--- ACTIVITY ---
Repeat exactly the lines from the one containing "using assms(4) by" through the last line of the records below, both included, and nothing else.

EXTRACTED DATA: Begin

(* Let $d>0$ be a constant, $k,b:\mathbb{R}_+\to\mathbb{R}_+$ measurable with $\int_0^{+\infty}k=+\infty$, $b\in L^\infty(\mathbb{R}_+)$, and $1<\int_0^{+\infty}b(a)e^{-\int_0^ak}da<+\infty$. Let $\eta_1,\eta_2,c_1,c_2,\tilde c_1,\tilde c_2\ge0$ with $\eta_1>0$, and $c_1^{tot}=\eta_1+c_1$, $c_2^{tot}=\eta_2+c_2$. Let $(N_1^*,N_2^* )$ be the population sizes ($N_1^*=\int n_1^*$) of the unique non-trivial nonnegative steady state of system (S): $$\partial_tn_1+\partial_an_1=-\big(k(a)+c_1^{tot}N_1+c_2^{tot}N_2\big)n_1,\quad n_1(t,0)=\int_0^{+\infty}bn_1da,$$ $$\frac{dN_2}{dt}=-(d+\tilde c_1N_1+\tilde c_2N_2)N_2+\int_0^{+\infty}(k(a)+\eta_1N_1+\eta_2N_2)n_1da,$$ and let $(N_1^{**},N_2^{**})$ be those of the unique non-trivial nonnegative steady state of system (S'), obtained from (S) by keeping the same phase-1 competition $c_1^{tot}N_1+c_2^{tot}N_2$ but removing competition-driven transition, i.e. with the last equation replaced by $$\frac{dN_2}{dt}=-(d+\tilde c_1N_1+\tilde c_2N_2)N_2+\int_0^{+\infty}k(a)n_1da,$$ where in both systems $N_1=\int_0^{+\infty}n_1da$. Then $N_1^{**}\ge N_1^*$ and $N_2^{**}\le N_2^*$. Furthermore, $c_2^{tot}\le c_1^{tot}$ if and only if $N_1^{**}+N_2^{**}\le N_1^*+N_2^*$. *)

theory Defs
  imports "HOL-Analysis.Analysis"
begin

definition cumk :: "(real \<Rightarrow> real) \<Rightarrow> real \<Rightarrow> ennreal" where
  "cumk k a = (\<integral>\<^sup>+ x\<in>{0..a}. ennreal (k x) \<partial>lborel)"

definition surv :: "(real \<Rightarrow> real) \<Rightarrow> real \<Rightarrow> real" where
  "surv k a = (if cumk k a = \<infinity> then 0 else exp (- enn2real (cumk k a)))"

definition popsize :: "(real \<Rightarrow> real) \<Rightarrow> real" where
  "popsize n = (LINT a:{0..}|lborel. n a)"

text \<open>Nonnegative steady state (n1, N2) of system (S) (with_trans = True) or (S') (with_trans = False).
  The age-structured equation is taken in its (mild) integrated form along characteristics:
  n1(a) = n1(0) exp(-int_0^a k - C a), with n1(0) = int b n1 and C = c1tot N1 + c2tot N2.\<close>
definition steady_state ::
  "(real \<Rightarrow> real) \<Rightarrow> (real \<Rightarrow> real) \<Rightarrow> real \<Rightarrow> real \<Rightarrow> real \<Rightarrow> real \<Rightarrow> real \<Rightarrow> real \<Rightarrow> real
   \<Rightarrow> bool \<Rightarrow> (real \<Rightarrow> real) \<Rightarrow> real \<Rightarrow> bool" where
  "steady_state k b d eta1 eta2 c1 c2 ct1 ct2 with_trans n1 N2 \<longleftrightarrow>
     (\<forall>a\<ge>0. n1 a \<ge> 0) \<and> N2 \<ge> 0 \<and> set_integrable lborel {0..} n1 \<and>
     (let N1 = popsize n1;
          C = (eta1 + c1) * N1 + (eta2 + c2) * N2;
          B = (\<integral>\<^sup>+ a\<in>{0..}. ennreal (b a * n1 a) \<partial>lborel)
      in B < \<infinity> \<and>
         (\<forall>a\<ge>0. n1 a = enn2real B * surv k a * exp (- C * a)) \<and>
         ennreal ((d + ct1 * N1 + ct2 * N2) * N2) =
           (\<integral>\<^sup>+ a\<in>{0..}. ennreal ((k a + (if with_trans then eta1 * N1 + eta2 * N2 else 0)) * n1 a) \<partial>lborel))"

definition nontrivial :: "(real \<Rightarrow> real) \<Rightarrow> real \<Rightarrow> bool" where
  "nontrivial n1 N2 \<longleftrightarrow> (\<exists>a\<ge>0. n1 a \<noteq> 0) \<or> N2 \<noteq> 0"

end

theory Submission
  imports Defs
begin

(* In a nontrivial steady state the age profile is n1(a) = beta surv(a) exp(-C a), where C is the
   total competition pressure on phase 1. Integrating the boundary condition gives the
   characteristic equation int b surv exp(-C a) = 1, whose left-hand side is strictly decreasing
   in C. Hence (S) and (S') share the same C, and their profiles are proportional: n1** = l n1*.
   Equal C means that c1tot times the gain N1** - N1* equals c2tot times the loss N2* - N2**.
   If N2** >= N2* then l <= 1, and the N2-balance of (S'), whose inflow is l times the ageing
   inflow of (S) without its positive transition term, cannot hold. So N2** < N2*, and the
   remaining claims follow from the exchange relation. *)

lemma cumk_mono: "a \<le> a' \<Longrightarrow> cumk k a \<le> cumk k a'"
  unfolding cumk_def by (intro nn_integral_mono) (auto split: split_indicator)

lemma surv_nonneg: "0 \<le> surv k a"
  by (simp add: surv_def)

lemma surv_antimono: "a \<le> a' \<Longrightarrow> surv k a' \<le> surv k a"
  using cumk_mono[of a a' k]
  by (auto simp: surv_def top_unique enn2real_mono top.not_eq_extremum)

lemma borel_measurable_surv: "surv k \<in> borel_measurable borel"
proof -
  have "mono (\<lambda>a. - surv k a)"
    by (auto simp: mono_def intro: surv_antimono)
  then have "(\<lambda>a. - (- surv k a)) \<in> borel_measurable borel"
    using borel_measurable_mono by measurable
  then show ?thesis by simp
qed

lemma set_borel_measurable_ennreal:
  fixes f :: "'a \<Rightarrow> real"
  assumes "set_borel_measurable M A f"
  shows "(\<lambda>x. ennreal (f x) * indicator A x) \<in> borel_measurable M"
proof -
  have "(\<lambda>x. ennreal (indicator A x *\<^sub>R f x)) \<in> borel_measurable M"
    using assms unfolding set_borel_measurable_def by measurable
  then show ?thesis
    by (rule measurable_cong[THEN iffD1, rotated]) (simp split: split_indicator)
qed

lemma set_borel_measurable_mult:
  fixes f g :: "'a \<Rightarrow> real"
  assumes "set_borel_measurable M A f" "set_borel_measurable M A g"
  shows "set_borel_measurable M A (\<lambda>x. f x * g x)"
proof -
  have "(\<lambda>x. (indicator A x *\<^sub>R f x) * (indicator A x *\<^sub>R g x)) \<in> borel_measurable M"
    using assms unfolding set_borel_measurable_def by measurable
  then show ?thesis
    unfolding set_borel_measurable_def
    by (rule measurable_cong[THEN iffD1, rotated]) (simp split: split_indicator)
qed

lemma borel_measurable_set_borel_measurable:
  fixes f :: "'a::euclidean_space \<Rightarrow> real"
  assumes "f \<in> borel_measurable borel" "A \<in> sets borel"
  shows "set_borel_measurable lborel A f"
  using assms unfolding set_borel_measurable_def by (simp add: borel_measurable_indicator')

lemma set_nn_integral_cmult_ennreal:
  fixes f :: "'a \<Rightarrow> real"
  assumes "set_borel_measurable M A f" "0 \<le> c"
  shows "(\<integral>\<^sup>+x\<in>A. ennreal (c * f x) \<partial>M) = ennreal c * (\<integral>\<^sup>+x\<in>A. ennreal (f x) \<partial>M)"
  using nn_integral_cmult[OF set_borel_measurable_ennreal[OF assms(1)], of "ennreal c"] assms(2)
  by (simp add: ennreal_mult' mult.assoc)

lemma set_nn_integral_add_ennreal:
  fixes f g :: "'a \<Rightarrow> real"
  assumes "set_borel_measurable M A f" "set_borel_measurable M A g"
    and "\<And>x. x \<in> A \<Longrightarrow> 0 \<le> f x" "\<And>x. x \<in> A \<Longrightarrow> 0 \<le> g x"
  shows "(\<integral>\<^sup>+x\<in>A. ennreal (f x + g x) \<partial>M) = (\<integral>\<^sup>+x\<in>A. ennreal (f x) \<partial>M) + (\<integral>\<^sup>+x\<in>A. ennreal (g x) \<partial>M)"
proof -
  have "(\<integral>\<^sup>+x\<in>A. ennreal (f x + g x) \<partial>M)
      = (\<integral>\<^sup>+x. ennreal (f x) * indicator A x + ennreal (g x) * indicator A x \<partial>M)"
    using assms(3,4) by (intro nn_integral_cong) (simp split: split_indicator)
  also have "\<dots> = (\<integral>\<^sup>+x\<in>A. ennreal (f x) \<partial>M) + (\<integral>\<^sup>+x\<in>A. ennreal (g x) \<partial>M)"
    using assms(1,2) by (intro nn_integral_add set_borel_measurable_ennreal)
  finally show ?thesis .
qed

lemma enn2real_set_nn_integral_proportional:
  fixes f n n' :: "'a \<Rightarrow> real"
  assumes "set_borel_measurable M A f" "set_borel_measurable M A n"
    and "0 \<le> l" "\<forall>x\<in>A. n' x = l * n x"
  shows "enn2real (\<integral>\<^sup>+x\<in>A. ennreal (f x * n' x) \<partial>M) = l * enn2real (\<integral>\<^sup>+x\<in>A. ennreal (f x * n x) \<partial>M)"
proof -
  have "(\<integral>\<^sup>+x\<in>A. ennreal (f x * n' x) \<partial>M) = (\<integral>\<^sup>+x\<in>A. ennreal (l * (f x * n x)) \<partial>M)"
    using assms(4) by (intro set_nn_integral_cong) (auto simp: mult_ac)
  also have "\<dots> = ennreal l * (\<integral>\<^sup>+x\<in>A. ennreal (f x * n x) \<partial>M)"
    using assms(1-3) by (intro set_nn_integral_cmult_ennreal set_borel_measurable_mult)
  finally show ?thesis
    using assms(3) by (simp add: enn2real_mult)
qed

EXTRACTED DATA: End

--- COMPLETED TASK ---
    using assms(4) by (intro set_nn_integral_cong) (auto simp: mult_ac)
  also have "\<dots> = ennreal l * (\<integral>\<^sup>+x\<in>A. ennreal (f x * n x) \<partial>M)"
    using assms(1-3) by (intro set_nn_integral_cmult_ennreal set_borel_measurable_mult)
  finally show ?thesis
    using assms(3) by (simp add: enn2real_mult)
qed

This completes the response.